Usually, the e-commerce platforms do not provide direct links to the official websites of manufacturers. Therefore, in order to obtain the privacy policies of manufacturers of smart devices, it is required to solve the task of searching the official websites of the manufacturers. The search engines such as [33,34,35] provide paid search APIs. There are free analogs, but they have restrictions on the number of requests per month/minute. For example, a lot of these services are hosted on the site [36]. The experiments have shown that the use of search engines designed for real users provides a compromise solution. This is most likely due to the orientation on the end user, i.e., when receiving a query close to the brand name, it is more likely that the search engine will display the given manufacturer’s official website. Thus, the current solution is to construct a list of URLs to manufacturers‘ websites based on the first Google search results page. The URLs are analyzed for similarity with the manufacturer’s name using the built-in Python function to extract the most relevant ones. If the search results do not contain the name of the given manufacturer, then the manufacturer does not have a website and uses an e-commerce platform privacy policy with a probability close to one.

3.3. Searching Links to Privacy Policies

Searching for a privacy policy on an already found manufacturer’s website is a quite trivial task. Currently, most websites have a link named “Privacy” or “Privacy Policy” in the footer. The footer is available on any page of the website as it is a part of the global navigation system of a website. It contains information that is not used as often as the data displayed at the top of the sites and in the main menu but is still important. In addition to links to the privacy policy, the website footer often contains contact data of a company or organization.

Collecting privacy policy using the hyperlink in the footer is the subtle point in the proposed technique as this privacy policy could relate to the manufacturer’s website or some generic privacy policy developed by the manufacturer. However, the performed analysis showed that the small companies have privacy policies that are tailored for all purposes, i.e., for a website, for the employees and smart devices. Some companies have two types of privacy policies on one web page: for website and for services and products [37]. In this case the tool collects both privacy policies as one document. Large international companies have a set of privacy policies for different types of services, for example, Huawei has a privacy policy for cloud service, for mobile services, and a generic one for consumers [38]. In this case the collected privacy policy belongs to the manufacturer’s website. The automatic validation of the privacy policy type is included in the scope of future works as it requires a deep analysis of the differences between types of privacy policies developed for different purposes if such exist.

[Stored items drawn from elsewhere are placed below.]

lemma r_tendsto_unique:
  fixes y :: "nat set \<Rightarrow> 'a::t2_space"
  assumes "infinite D" "r_tendsto y D a" "r_tendsto y D b"
  shows "a = b"
proof (rule ccontr)
  assume "a \<noteq> b"
  then obtain U V where UV: "open U" "open V" "a \<in> U" "b \<in> V" "U \<inter> V = {}"
    by (metis hausdorff)
  obtain K where K: "finite K" "\<forall>s\<in>pairs2 (D - K). y s \<in> U"
    using assms(2) UV(1,3) unfolding r_tendsto_def by auto
  obtain L where L: "finite L" "\<forall>s\<in>pairs2 (D - L). y s \<in> V"
    using assms(3) UV(2,4) unfolding r_tendsto_def by auto
  have inf: "infinite (D - (K \<union> L))"
    using assms(1) K(1) L(1) by simp
  then obtain p where p: "p \<in> D - (K \<union> L)"
    using infinite_imp_nonempty by blast
  from inf have "infinite (D - (K \<union> L) - {p})" by simp
  then obtain q where "q \<in> D - (K \<union> L) - {p}"
    using infinite_imp_nonempty by blast
  with p have "{p, q} \<in> pairs2 (D - K)" "{p, q} \<in> pairs2 (D - L)"
    by (auto simp: pairs2_iff)
  with K(2) L(2) have "y {p, q} \<in> U \<inter> V" by blast
  with UV(5) show False by simp
qed

section \<open>Initial segments and the Baire space\<close>

definition initial_segment :: "nat \<Rightarrow> (nat \<Rightarrow> 'a) \<Rightarrow> 'a list" where
  "initial_segment n \<gamma> = map \<gamma> [0..<n]"

lemma length_initial_segment [simp]: "length (initial_segment n \<gamma>) = n"
  by (simp add: initial_segment_def)

lemma nth_initial_segment [simp]: "i < n \<Longrightarrow> initial_segment n \<gamma> ! i = \<gamma> i"
  by (simp add: initial_segment_def)

lemma initial_segment_Suc: "initial_segment (Suc n) \<gamma> = initial_segment n \<gamma> @ [\<gamma> n]"
  by (simp add: initial_segment_def)

lemma initial_segment_eq_iff:
  "initial_segment n \<gamma> = initial_segment n \<delta> \<longleftrightarrow> (\<forall>i<n. \<gamma> i = \<delta> i)"
  by (auto simp: initial_segment_def)

lemma take_initial_segment: "m \<le> n \<Longrightarrow> take m (initial_segment n \<gamma>) = initial_segment m \<gamma>"
  by (simp add: initial_segment_def take_map)

lemma prefix_initial_segment: "m \<le> n \<Longrightarrow> prefix (initial_segment m \<gamma>) (initial_segment n \<gamma>)"
  unfolding initial_segment_def prefix_def
  by (metis le_add_diff_inverse map_append upt_add_eq_append zero_le)

lemma open_initial_segment_eq:
  "open {\<gamma> :: nat \<Rightarrow> 'a::discrete_topology. initial_segment n \<gamma> = initial_segment n \<beta>}"
proof -
  have "open {\<gamma> :: nat \<Rightarrow> 'a. \<forall>i\<in>{..<n}. \<gamma> (id i) \<in> {\<beta> i}}"
    by (rule product_topology_basis') (auto simp: open_discrete)
  then show ?thesis by (simp add: initial_segment_eq_iff lessThan_def)
qed

lemma open_contains_initial_segment_nbhd:
  fixes U :: "(nat \<Rightarrow> 'a::topological_space) set"
  assumes "open U" "\<beta> \<in> U"
  obtains n where "{\<gamma>. initial_segment n \<gamma> = initial_segment n \<beta>} \<subseteq> U"
proof -
  have "openin (product_topology (\<lambda>_. euclidean) UNIV) U"
    using assms(1) unfolding open_fun_def .
  from product_topology_open_contains_basis[OF this assms(2)] obtain X where
    X: "\<beta> \<in> (\<Pi>\<^sub>E i\<in>UNIV. X i)" "finite {i. X i \<noteq> UNIV}" "(\<Pi>\<^sub>E i\<in>UNIV. X i) \<subseteq> U"
    by auto
  obtain n where n: "\<And>i. X i \<noteq> UNIV \<Longrightarrow> i < n"
    using finite_nat_bounded[OF X(2)] by auto
  have "\<gamma> \<in> (\<Pi>\<^sub>E i\<in>UNIV. X i)" if "initial_segment n \<gamma> = initial_segment n \<beta>" for \<gamma>
  proof -
    have "\<gamma> i \<in> X i" for i
    proof (cases "i < n")
      case True
      with that have "\<gamma> i = \<beta> i" by (simp add: initial_segment_eq_iff)
      with X(1) show ?thesis by auto
    next
      case False
      with n show ?thesis by blast
    qed
    then show ?thesis by (simp add: PiE_iff)
  qed
  then have "{\<gamma>. initial_segment n \<gamma> = initial_segment n \<beta>} \<subseteq> U"
    using X(3) by blast
  then show ?thesis by (rule that)
qed

lemma continuous_on_initial_segment_nbhd:
  fixes f :: "(nat \<Rightarrow> 'a::topological_space) \<Rightarrow> 'b::topological_space"
  assumes "continuous_on UNIV f" "open U" "f \<beta> \<in> U"
  obtains n where "\<And>\<gamma>. initial_segment n \<gamma> = initial_segment n \<beta> \<Longrightarrow> f \<gamma> \<in> U"
proof -
  have "open (f -` U)"
    using assms(1,2) by (simp add: continuous_on_open_vimage)
  moreover have "\<beta> \<in> f -` U"
    using assms(3) by simp
  ultimately obtain n where "{\<gamma>. initial_segment n \<gamma> = initial_segment n \<beta>} \<subseteq> f -` U"
    by (rule open_contains_initial_segment_nbhd)
  with that show ?thesis by blast
qed

section \<open>Realising a continuous image of the Baire space\<close>

definition zero_extend :: "nat list \<Rightarrow> nat \<Rightarrow> nat" where
  "zero_extend l k = (if k < length l then l ! k else 0)"

lemma initial_segment_zero_extend: "n \<le> length l \<Longrightarrow> initial_segment n (zero_extend l) = take n l"
  by (simp add: initial_segment_def zero_extend_def list_eq_iff_nth_eq)

definition join_branch :: "nat list \<Rightarrow> nat list \<Rightarrow> nat \<Rightarrow> nat" where
  "join_branch l m =
     (if prefix l m then zero_extend m else if prefix m l then zero_extend l else (\<lambda>_. 0))"

lemma join_branch_commute: "join_branch l m = join_branch m l"
  unfolding join_branch_def by (auto dest: prefix_order.antisym)

lemma join_branch_parallel: "l \<parallel> m \<Longrightarrow> join_branch l m = (\<lambda>_. 0)"
  unfolding join_branch_def by auto

lemma initial_segment_join_branch:
  assumes "l = initial_segment (length l) \<beta>" "m = initial_segment (length m) \<beta>"
    and "n \<le> max (length l) (length m)"
  shows "initial_segment n (join_branch l m) = initial_segment n \<beta>"
proof -
  have "initial_segment n (join_branch l m) = initial_segment n \<beta>"
    if "l = initial_segment (length l) \<beta>" "m = initial_segment (length m) \<beta>"
      and "length l \<le> length m" "n \<le> length m" for l m
  proof -
    have "prefix l m"
      using that(1-3) prefix_initial_segment by metis
    then have "join_branch l m = zero_extend m"
      by (simp add: join_branch_def)
    with that(2,4) show ?thesis
      by (metis initial_segment_zero_extend take_initial_segment)
  qed
  from this[of l m] this[of m l] assms show ?thesis
    by (cases "length l \<le> length m") (auto simp: join_branch_commute)
qed

definition tree_sequence :: "((nat \<Rightarrow> nat) \<Rightarrow> 'a) \<Rightarrow> nat set \<Rightarrow> 'a" where
  "tree_sequence f s = f (join_branch (list_decode (Min s)) (list_decode (Max s)))"

lemma tree_sequence_pair: "tree_sequence f {a, b} = f (join_branch (list_decode a) (list_decode b))"
  unfolding tree_sequence_def by (cases "a \<le> b") (auto simp: join_branch_commute max_def min_def)

lemma in_R_limit_points_tree_sequence:
  assumes "continuous_on UNIV f"
  shows "f \<beta> \<in> R_limit_points (tree_sequence f)"
proof -
  define d where "d j = list_encode (initial_segment j \<beta>)" for j
  have "inj d"
    by (rule injI) (metis d_def length_initial_segment list_encode_eq)
  then have inf: "infinite (range d)"
    by (rule range_inj_infinite)
  have "pairs_tendsto (tree_sequence f) (range d) (f \<beta>)"
    unfolding pairs_tendsto_def
  proof (intro allI impI)
    fix U assume "open U \<and> f \<beta> \<in> U"
    then obtain N where N: "\<And>\<gamma>. initial_segment N \<gamma> = initial_segment N \<beta> \<Longrightarrow> f \<gamma> \<in> U"
      using continuous_on_initial_segment_nbhd[OF assms] by blast
    have "s \<in> pairs2 (d ` {..<N})" if s: "s \<in> pairs2 (range d)" "tree_sequence f s \<notin> U" for s
    proof -
      obtain i j where ij: "i < j" "s = {d i, d j}"
        using s(1) by (rule pairs2_range_cases)
      have "tree_sequence f s = f (join_branch (initial_segment i \<beta>) (initial_segment j \<beta>))"
        by (simp add: ij(2) d_def tree_sequence_pair)
      with s(2) N have "\<not> N \<le> j"
        by (metis initial_segment_join_branch length_initial_segment max.coboundedI2)
      with ij s(1) show ?thesis
        by (auto simp: pairs2_def)
    qed
    then have "{s\<in>pairs2 (range d). tree_sequence f s \<notin> U} \<subseteq> pairs2 (d ` {..<N})"
      by blast
    then show "finite {s\<in>pairs2 (range d). tree_sequence f s \<notin> U}"
      by (rule finite_subset) (simp add: finite_pairs2)
  qed
  with inf show ?thesis
    unfolding R_limit_points_eq by blast
qed

lemma prefix_chain_inj_on_length:
  assumes "\<And>l m. l \<in> L \<Longrightarrow> m \<in> L \<Longrightarrow> prefix l m \<or> prefix m l"
  shows "inj_on length L"
  using assms by (fastforce simp: inj_on_def prefix_def)

lemma finite_prefix_chain_bounded_length:
  assumes "\<And>l m. l \<in> L \<Longrightarrow> m \<in> L \<Longrightarrow> prefix l m \<or> prefix m l"
  shows "finite {l\<in>L. length l \<le> n}"
proof -
  have "inj_on length {l\<in>L. length l \<le> n}"
    using prefix_chain_inj_on_length[OF assms] by (rule inj_on_subset) auto
  moreover have "length ` {l\<in>L. length l \<le> n} \<subseteq> {..n}"
    by auto
  ultimately show ?thesis
    by (metis finite_atMost finite_imageD finite_subset)
qed

lemma infinite_prefix_chain_branch:
  assumes "infinite L" and chain: "\<And>l m. l \<in> L \<Longrightarrow> m \<in> L \<Longrightarrow> prefix l m \<or> prefix m l"
  obtains \<beta> where "\<And>l. l \<in> L \<Longrightarrow> l = initial_segment (length l) \<beta>"
proof -
  have long: "\<exists>l\<in>L. k < length l" for k
  proof (rule ccontr)
    assume "\<not> ?thesis"
    then have "L = {l\<in>L. length l \<le> k}"
      by auto
    with assms show False
      using finite_prefix_chain_bounded_length by metis
  qed
  define \<beta> where "\<beta> k = (SOME l. l \<in> L \<and> k < length l) ! k" for k
  have "l ! k = \<beta> k" if "l \<in> L" "k < length l" for l k
  proof -
    let ?m = "SOME l. l \<in> L \<and> k < length l"
    have m: "?m \<in> L" "k < length ?m"
      using someI_ex[OF long[of k, unfolded Bex_def]] by auto
    from chain[OF that(1) m(1)] that(2) m(2) have "l ! k = ?m ! k"
      by (auto simp: prefix_def nth_append)
    then show ?thesis
      by (simp add: \<beta>_def)
  qed
  then have "l = initial_segment (length l) \<beta>" if "l \<in> L" for l
    using that by (intro nth_equalityI) auto
  then show ?thesis
    by (rule that)
qed
definition Rq :: "real^4 \<Rightarrow> real^3^3" where
  "Rq w = (let w1 = w$1; w2 = w$2; w3 = w$3; w4 = w$4 in
     vector [
       vector [w1^2+w2^2-w3^2-w4^2, 2*(w2*w3-w1*w4), 2*(w2*w4+w1*w3)],
       vector [2*(w2*w3+w1*w4), w1^2+w3^2-w2^2-w4^2, 2*(w3*w4-w1*w2)],
       vector [2*(w2*w4-w1*w3), 2*(w3*w4+w1*w2), w1^2+w4^2-w2^2-w3^2]])"

definition Qmat :: "real^3 \<Rightarrow> real^3 \<Rightarrow> real^4^4" where
  "Qmat x y = (THE Q. transpose Q = Q \<and>
       (\<forall>w::real^4. norm w = 1 \<longrightarrow> w \<bullet> (Q *v w) = (norm (y - Rq w *v x))^2))"

definition idx4 :: "nat \<Rightarrow> 4" where
  "idx4 a = (if a = 0 then 1 else if a = 1 then 2 else if a = 2 then 3 else 4)"

text \<open>Matrices in R^{4(l+1) x 4(l+1)} are represented by nat \<Rightarrow> nat \<Rightarrow> real
  (0-based indices below N = 4(l+1)), vectors by nat \<Rightarrow> real.
  Block [A]_{ij} occupies rows 4i..4i+3 and columns 4j..4j+3 (0-based).\<close>

definition bigQ :: "nat \<Rightarrow> (nat \<Rightarrow> real^4^4) \<Rightarrow> (nat \<Rightarrow> real) \<Rightarrow> nat \<Rightarrow> nat \<Rightarrow> real" where
  "bigQ l Q csq p q =
     (let bi = p div 4; bj = q div 4; a = p mod 4; b = q mod 4 in
      if bi = 0 \<and> 1 \<le> bj \<and> bj \<le> l then
        (Q bj $ idx4 a $ idx4 b - (if a = b then csq bj else 0)) / 2
      else if bj = 0 \<and> 1 \<le> bi \<and> bi \<le> l then
        (Q bi $ idx4 a $ idx4 b - (if a = b then csq bi else 0)) / 2
      else 0)"

definition gram :: "(nat \<Rightarrow> real) \<Rightarrow> nat \<Rightarrow> nat \<Rightarrow> real" where
  "gram v = (\<lambda>p q. v p * v q)"

definition trprod :: "nat \<Rightarrow> (nat \<Rightarrow> nat \<Rightarrow> real) \<Rightarrow> (nat \<Rightarrow> nat \<Rightarrow> real) \<Rightarrow> real" where
  "trprod l A W = (\<Sum>p<4*(l+1). \<Sum>q<4*(l+1). A p q * W q p)"

definition constr :: "nat \<Rightarrow> (nat \<Rightarrow> nat \<Rightarrow> real) \<Rightarrow> bool" where
  "constr l W \<longleftrightarrow>
     (\<forall>i\<in>{1..l}. \<forall>a<4. \<forall>b<4. W a (4*i+b) = W (4*i+a) (4*i+b)) \<and>
     (\<Sum>a<4. W a a) = 1"

definition objective :: "nat \<Rightarrow> (nat \<Rightarrow> real^4^4) \<Rightarrow> (nat \<Rightarrow> real) \<Rightarrow> (nat \<Rightarrow> nat \<Rightarrow> real) \<Rightarrow> real" where
  "objective l Q csq W = trprod l (bigQ l Q csq) W + (\<Sum>i\<in>{1..l}. csq i)"

definition sym_psd :: "nat \<Rightarrow> (nat \<Rightarrow> nat \<Rightarrow> real) \<Rightarrow> bool" where
  "sym_psd l W \<longleftrightarrow>
     (\<forall>p<4*(l+1). \<forall>q<4*(l+1). W p q = W q p) \<and>
     (\<forall>v::nat \<Rightarrow> real. (\<Sum>p<4*(l+1). \<Sum>q<4*(l+1). v p * W p q * v q) \<ge> 0)"

definition qcqp_global_min :: "nat \<Rightarrow> (nat \<Rightarrow> real^4^4) \<Rightarrow> (nat \<Rightarrow> real) \<Rightarrow> (nat \<Rightarrow> real) \<Rightarrow> bool" where
  "qcqp_global_min l Q csq \<omega> \<longleftrightarrow>
     constr l (gram \<omega>) \<and>
     (\<forall>\<omega>'. constr l (gram \<omega>') \<longrightarrow> objective l Q csq (gram \<omega>) \<le> objective l Q csq (gram \<omega>'))"

definition sdr_global_min :: "nat \<Rightarrow> (nat \<Rightarrow> real^4^4) \<Rightarrow> (nat \<Rightarrow> real) \<Rightarrow> (nat \<Rightarrow> nat \<Rightarrow> real) \<Rightarrow> bool" where
  "sdr_global_min l Q csq W \<longleftrightarrow>
     sym_psd l W \<and> constr l W \<and>
     (\<forall>W'. sym_psd l W' \<and> constr l W' \<longrightarrow> objective l Q csq W \<le> objective l Q csq W')"

definition sdr_tight :: "nat \<Rightarrow> (nat \<Rightarrow> real^4^4) \<Rightarrow> (nat \<Rightarrow> real) \<Rightarrow> bool" where
  "sdr_tight l Q csq \<longleftrightarrow> (\<exists>\<omega>. qcqp_global_min l Q csq \<omega> \<and> sdr_global_min l Q csq (gram \<omega>))"

definition rep_quat :: "nat \<Rightarrow> real^4 \<Rightarrow> nat \<Rightarrow> real" where
  "rep_quat l w p = (if p < 4*(l+1) then w $ idx4 (p mod 4) else 0)"

end

theory Submission
  imports Defs
begin

text \<open>For a unit quaternion w the residual y - R(w)x has the same norm as the quaternion
  y w - w x, which is linear in w; hence each Q_i is a Gram matrix L_i^T L_i and is positive
  semidefinite. For a feasible W of (SDR) the constraints [W]_0i = [W]_ii collapse the objective to
  \<Sum>_i tr(Q_i [W]_ii) + c_i^2 (1 - tr [W]_ii), and positive semidefiniteness of W gives
  [W]_ii \<preceq> [W]_00, so tr [W]_ii \<le> 1. Every term is therefore nonnegative, while for noise-free
  data the lifted true rotation \<omega>* attains the value 0.\<close>

text \<open>With x, y read as pure quaternions, residual_matrix x y *v w is the quaternion product
  y w - w x.\<close>

definition residual_matrix :: "real^3 \<Rightarrow> real^3 \<Rightarrow> real^4^4" where
  "residual_matrix x y = (\<chi> k j.
     if k = 1 then (if j = 1 then 0 else if j = 2 then x$1 - y$1 else if j = 3 then x$2 - y$2 else x$3 - y$3)
     else if k = 2 then (if j = 1 then y$1 - x$1 else if j = 2 then 0 else if j = 3 then -(y$3 + x$3) else y$2 + x$2)
     else if k = 3 then (if j = 1 then y$2 - x$2 else if j = 2 then y$3 + x$3 else if j = 3 then 0 else -(y$1 + x$1))
     else (if j = 1 then y$3 - x$3 else if j = 2 then -(y$2 + x$2) else if j = 3 then y$1 + x$1 else 0))"

lemma norm_pow_2_vec3: "(norm (v::real^3))\<^sup>2 = (v$1)\<^sup>2 + (v$2)\<^sup>2 + (v$3)\<^sup>2"
  unfolding power2_norm_eq_inner inner_vec_def sum_3 by (simp add: power2_eq_square)
(* For each $m\ge1$, the sequence $(v_{k;m})_{k\ge0}$ is bounded above by $b=v_{k;0}$, is strictly decreasing in $k$, and converges to $b/(m+1)$ as $k\to\infty$.
   Context: Fix $b\ge2$ and $d\in\{0,\dots,b-1\}$. A string is a finite sequence $X=(d_l,\dots,d_1)$ of digits in $\{0,\dots,b-1\}$ (leading zeros allowed), of length $|X|=l\ge0$; its value is $n(X)=\sum_{i=1}^{l}d_ib^{i-1}$ ($0$ for the empty string). For $k\ge0$, $\mu_k=\sum_{X}b^{-|X|}\delta_{n(X)/b^{|X|}}$, the sum over all strings $X$ containing $d$ exactly $k$ times; it is a finite measure on $[0,1)$ of total mass $b$. The complementary moments are $v_{k;m}=\int_{[0,1)}(1-x)^m\,d\mu_k(x)$. *)

theory Defs
  imports "HOL-Probability.Probability"
begin

text \<open>Strings over the digit alphabet {0,...,b-1}, written as lists (d_l, ..., d_1),
  most significant digit first; leading zeros allowed.\<close>

definition digit_strings :: "nat \<Rightarrow> nat list set" where
  "digit_strings b = {X. set X \<subseteq> {..<b}}"

definition str_value :: "nat \<Rightarrow> nat list \<Rightarrow> nat" where
  "str_value b X = foldl (\<lambda>acc x. acc * b + x) 0 X"

definition occ :: "nat \<Rightarrow> nat list \<Rightarrow> nat" where
  "occ d X = length (filter (\<lambda>x. x = d) X)"

text \<open>mu_k = sum over strings X containing d exactly k times of b^(-|X|) times the
  Dirac mass at n(X)/b^|X|: the push-forward along X |-> n(X)/b^|X| of the weighted
  counting measure on such strings, as a measure on the Borel sets of the reals.\<close>
definition mu :: "nat \<Rightarrow> nat \<Rightarrow> nat \<Rightarrow> real measure" where
  "mu b d k = distr
     (density (count_space UNIV)
        (\<lambda>X::nat list. if X \<in> digit_strings b \<and> occ d X = k
                       then ennreal (1 / real b ^ length X) else 0))
     borel (\<lambda>X. real (str_value b X) / real b ^ length X)"

definition v :: "nat \<Rightarrow> nat \<Rightarrow> nat \<Rightarrow> nat \<Rightarrow> real" where
  "v b d k m = (LINT x:{0..<1}|mu b d k. (1 - x) ^ m)"

end

theory Submission
  imports Defs
begin

text \<open>Removing the leading digit \<open>c\<close> of a string \<open>c # X\<close> relates the points by
  \<open>1 - x(c # X) = ((b - 1 - c) + (1 - x(X))) / b\<close>. Expanding the \<open>m\<close>-th power binomially turns
  \<open>v(k, m) = \<Sum>\<^sub>X b^-|X| (1 - x(X))^m\<close> into the linear recursion
  \<open>(b^(m+1) - b + 1) v(k, m) = [k = 0] b^(m+1) + v(k-1, m) + L(k, m)\<close>,
  where \<open>L(k, m)\<close> is a combination with nonnegative coefficients of the lower moments \<open>v(k, j)\<close>,
  \<open>v(k-1, j)\<close>, \<open>j < m\<close>. For \<open>m = 0\<close> it gives \<open>v(k, 0) = b\<close>. Strict decrease in \<open>k\<close> follows by
  induction on \<open>m\<close> and then on \<open>k\<close>, and letting \<open>k \<rightarrow> \<infinity>\<close> in the recursion, with the lower
  moments already tending to \<open>b / (j + 1)\<close>, forces the limit \<open>b / (m + 1)\<close>.\<close>

lemma foldl_digits_shift:
  "foldl (\<lambda>acc x. acc * b + x) a X = a * b ^ length X + foldl (\<lambda>acc x. acc * b + x) (0::nat) X"
proof (induction X arbitrary: a)
  case (Cons x X)
  show ?case
    by (simp only: foldl_Cons, subst Cons.IH, subst (2) Cons.IH) (simp add: algebra_simps)
qed simp

lemma str_value_Cons: "str_value b (c # X) = c * b ^ length X + str_value b X"
  unfolding str_value_def by (simp only: foldl_Cons, subst foldl_digits_shift) simp

lemma str_value_less_power: "set X \<subseteq> {..<b} \<Longrightarrow> str_value b X < b ^ length X"
proof (induction X)
  case Nil
  then show ?case by (simp add: str_value_def)
next
  case (Cons c X)
  then have "c < b" and "str_value b X < b ^ length X" by auto
  then have "c * b ^ length X + str_value b X < (c + 1) * b ^ length X" by simp
  also have "\<dots> \<le> b * b ^ length X" using \<open>c < b\<close> by (intro mult_right_mono) auto
  finally show ?case by (simp add: str_value_Cons)
qed

definition strings_of_length :: "nat \<Rightarrow> nat \<Rightarrow> nat list set" where
  "strings_of_length b l = {X. set X \<subseteq> {..<b} \<and> length X = l}"

lemma finite_strings_of_length: "finite (strings_of_length b l)"
  unfolding strings_of_length_def using finite_lists_length_eq[of "{..<b}" l] by simp

lemma strings_of_length_0: "strings_of_length b 0 = {[]}"
  by (auto simp: strings_of_length_def)

lemma strings_of_length_Suc:
  "strings_of_length b (Suc l) = (\<lambda>(c, X). c # X) ` ({..<b} \<times> strings_of_length b l)"
  by (auto simp: strings_of_length_def image_iff length_Suc_conv)

definition str_point :: "nat \<Rightarrow> nat list \<Rightarrow> real" where
  "str_point b X = real (str_value b X) / real b ^ length X"

lemma str_point_nonneg: "0 \<le> str_point b X"
  by (simp add: str_point_def)

lemma str_point_less_1:
  assumes "set X \<subseteq> {..<b}"
  shows "str_point b X < 1"
proof -
  have "real (str_value b X) < real b ^ length X"
    using str_value_less_power[OF assms] by (metis of_nat_less_iff of_nat_power)
  then show ?thesis
    unfolding str_point_def by (simp add: divide_less_eq)
qed

lemma power_one_minus_str_point_le_1:
  assumes "set X \<subseteq> {..<b}"
  shows "(1 - str_point b X) ^ m \<le> 1"
  using str_point_nonneg str_point_less_1[OF assms] by (intro power_le_one) auto

lemma power_one_minus_str_point_less_1:
  assumes "set X \<subseteq> {..<b}" and "0 < str_point b X" and "0 < m"
  shows "(1 - str_point b X) ^ m < 1"
  using assms str_point_less_1[OF assms(1)] by (subst power_less_one_iff) auto

lemma one_minus_str_point_Cons:
  assumes "0 < b"
  shows "1 - str_point b (c # X) = (real b - 1 - real c + (1 - str_point b X)) / real b"
  using assms unfolding str_point_def str_value_Cons by (simp add: field_simps)

lemma nn_integral_count_space_lists_by_length:
  "(\<integral>\<^sup>+X. f X \<partial>count_space UNIV) = (\<Sum>l. \<integral>\<^sup>+X. f X \<partial>count_space {X :: 'a list. length X = l})"
proof -
  have "f X = (\<Sum>l. f X * indicator {X. length X = l} X)" for X
  proof -
    have "(\<lambda>l. f X * indicator {X. length X = l} X) = (\<lambda>l. if l = length X then f X else 0)"
      by (auto simp: indicator_def)
    then show ?thesis
      using sums_unique[OF sums_single[of "length X" "\<lambda>_. f X"]] by simp
  qed
  then have "(\<integral>\<^sup>+X. f X \<partial>count_space UNIV)
      = (\<integral>\<^sup>+X. (\<Sum>l. f X * indicator {X. length X = l} X) \<partial>count_space UNIV)"
    by simp
  also have "\<dots> = (\<Sum>l. \<integral>\<^sup>+X. f X * indicator {X. length X = l} X \<partial>count_space UNIV)"
    by (rule nn_integral_suminf) simp
  finally show ?thesis
    by (simp add: nn_integral_count_space_indicator)
qed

Algorithm 1 represents all steps of the algorithm for privacy policies collecting. Firstly, device types and online stores are read (Algorithm 1, lines 1–2). Then products URLs are found and products manufacturers are extracted (Algorithm 1, lines 3–4). Finally, manufacturers‘ websites are found, crawled to find privacy policies and privacy policies are dowloaded (Algorithm 1, lines 5–7).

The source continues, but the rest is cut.